Светлячки то сближались, образуя танцующие млечные сгустки, словно совещались и о чем-то сговаривались, а потом удалялись один от другого, осматривая глубину сада, облетая дозором ночные цветы, лежащие на тропинках камни, корявые стволы молчаливых деревьев. Не приближались к Белосельцеву, но окружали его сложным узором вспышек, плавающих зеленоватых линий, холодных огоньков, напоминавших отпечаток электронного луча на экране, за которым тянулся гаснущий млечный след. Они исследовали Белосельцева, снимали с него мерку, словно готовили для него одеяние, передавая его размеры куда-то в ночь, в невидимые холмы, кому-то незримому, кто принимал от них сообщения в темных горах с голубоватой недвижной зарей.

Светлячки писали в темноте иероглифы, развешивали среди трав и ветвей гаснущие картины и графики, словно силились что-то рассказать Белосельцеву, поведать тайну этой земли, о чем-то предупредить, предсказать, от чего-то его уберечь. И он силился прочитать этот волшебный узор, расшифровать тающий в темноте орнамент, как если бы в нем была заключена тайна его собственной жизни. Мир, где ему суждено было родиться человеком, соприкасался с другими мирами, которые силились войти с ним в связь, сообщить о каких-то огромных событиях, поведать о каком-то всеобъемлющим смысле, дающем разгадку его, Белосельцева, жизни. Но паралельные миры оставались недоступными и непознанными, светили ему сквозь крохотные скважины зеленоватым мертвенным светом. И он задумчиво смотрел на маячки, плавающие в океане ночи.

Он вошел в дом, не зажигая огня. Привыкшими к темноте глазами осмотрел керамические тарелки на полках, обеденный стол с фруктовой вазой, диван с разбросанными полосатыми подушками, маленький рабочий столик с бумагами, у которого стояла винтовка, почти невидимая, излучавшая прохладу своим вороненым стволом, источавшая слабые запахи стали, ружейной смазки, истертого прикосновениями дерева. Дом был чужой. За хрупкими стеклами открывалась ночная равнина с безымянной, разлитой в холмах тревогой, с притаившимися духами иной земли и природы. Белосельцев взял со стола обойму, вставил в «М-16», спустился в отведенную ему комнату и лег в прохладную, чуть сыроватую постель, прислонив к изголовью винтовку.

Лежал в пустом темном доме среди тревожного безмолвия близких равнин и предгорий, окруженный светляками, посылавшими в окно загадочные кодированные позывные. Протягивая руку, нащупывал винтовочный ствол, деревянное цевье, спусковой крючок.

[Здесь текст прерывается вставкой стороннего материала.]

(* Let $d\ge2$, $n\ge1$. The magic entropy of $n$-qudit unitaries satisfies: (1) $M[U]\ge0$, with $M[U]=0$ if and only if $U$ is a Clifford unitary; (2) $M[VU]=M[U]$ for every unitary $U$ and every Clifford unitary $V$; (3) $M[U_1\otimes U_2]=\max\{M[U_1],M[U_2]\}$ for all unitaries $U_1,U_2$ on disjoint sets of qudits.
   Context: Let $V=\mathbb{Z}_d\times\mathbb{Z}_d$; for $a=(s,t)\in V$, $P_a=X^sZ^t$ with $X|j\rangle=|j+1\bmod d\rangle$, $Z|j\rangle=e^{2\pi ij/d}|j\rangle$; $P_{\vec a}=\bigotimes_iP_{a_i}$, $|\vec a|=\#\{i:a_i\ne(0,0)\}$; weight-1 Pauli operators are $P_{\vec a}$ with $|\vec a|=1$. $\|A\|_2=(d^{-n}\mathrm{Tr}(A^\dagger A))^{1/2}$; for $\|O\|_2=1$, $P_O[\vec a]=d^{-2n}|\mathrm{Tr}(OP_{\vec a})|^2$ and $H[O]=-\sum_{\vec a}P_O[\vec a]\log P_O[\vec a]$. The magic entropy is $M[U]=\max_{O\text{ weight-1 Pauli}}H[UOU^\dagger]$. A Clifford unitary is a unitary mapping each Pauli operator $P_{\vec a}$ under conjugation to a Pauli operator up to a scalar phase. *)

theory Defs
  imports Complex_Main
begin

text \<open>n-qudit operators are represented as matrices indexed by computational basis
  states; a basis state is a function x :: nat => nat with x i < d for i < n and
  x i = 0 for i >= n.\<close>

type_synonym qop = "(nat \<Rightarrow> nat) \<Rightarrow> (nat \<Rightarrow> nat) \<Rightarrow> complex"

definition qbasis :: "nat \<Rightarrow> nat \<Rightarrow> (nat \<Rightarrow> nat) set" where
  "qbasis d n = {x. (\<forall>i<n. x i < d) \<and> (\<forall>i\<ge>n. x i = 0)}"

definition omega :: "nat \<Rightarrow> complex" where
  "omega d = exp (2 * of_real pi * \<i> / of_nat d)"

text \<open>Single-qudit Pauli X^s Z^t: X^s Z^t |k> = omega^(t k) |k+s mod d>.\<close>
definition pauli1 :: "nat \<Rightarrow> nat \<times> nat \<Rightarrow> nat \<Rightarrow> nat \<Rightarrow> complex" where
  "pauli1 d a j k = (if j = (k + fst a) mod d then omega d ^ (snd a * k) else 0)"

definition pauli :: "nat \<Rightarrow> nat \<Rightarrow> (nat \<Rightarrow> nat \<times> nat) \<Rightarrow> qop" where
  "pauli d n a x y = (\<Prod>i<n. pauli1 d (a i) (x i) (y i))"

definition paulivecs :: "nat \<Rightarrow> nat \<Rightarrow> (nat \<Rightarrow> nat \<times> nat) set" where
  "paulivecs d n = {a. (\<forall>i<n. fst (a i) < d \<and> snd (a i) < d) \<and> (\<forall>i\<ge>n. a i = (0, 0))}"

definition pweight :: "nat \<Rightarrow> (nat \<Rightarrow> nat \<times> nat) \<Rightarrow> nat" where
  "pweight n a = card {i. i < n \<and> a i \<noteq> (0, 0)}"

definition qmul :: "nat \<Rightarrow> nat \<Rightarrow> qop \<Rightarrow> qop \<Rightarrow> qop" where
  "qmul d n A B x y = (\<Sum>z\<in>qbasis d n. A x z * B z y)"

definition qadj :: "qop \<Rightarrow> qop" where
  "qadj A x y = cnj (A y x)"

definition qtr :: "nat \<Rightarrow> nat \<Rightarrow> qop \<Rightarrow> complex" where
  "qtr d n A = (\<Sum>x\<in>qbasis d n. A x x)"

definition qid :: qop where
  "qid x y = (if x = y then 1 else 0)"

definition qunitary :: "nat \<Rightarrow> nat \<Rightarrow> qop \<Rightarrow> bool" where
  "qunitary d n U \<longleftrightarrow>
     (\<forall>x\<in>qbasis d n. \<forall>y\<in>qbasis d n.
        qmul d n (qadj U) U x y = qid x y \<and> qmul d n U (qadj U) x y = qid x y)"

Казалось неслучайным его пребывание здесь, с американской винтовкой «М-16», до которой он добирался через океан и два континента, а до этого – всю предшествующую жизнь, с той солнечной детской комнаты, где малиново-черный текинский ковер на стене, голубая чашка в буфете от старинного свадебного сервиза, и бабушка в пятне янтарного солнца, позволяя понежиться в теплой постельке, рассказывает ему о чеченцах и саклях, о какой-то поющей зурне и Военно-Грузинской дороге, и он так любит ее белую, чудную голову. Неужели тогда его жизнь уже несла в своей нераскрытой глубине эту ночь в предместье Манагуа, американскую винтовку у его изголовья?

Он старался понять свою жизнь, вспомнить ее всю, поделив на отрезки, в каждом из которых был свой смысл, свое ожидание, тайный намек на эту грядущую ночь, светляков, прикосновение к винтовке.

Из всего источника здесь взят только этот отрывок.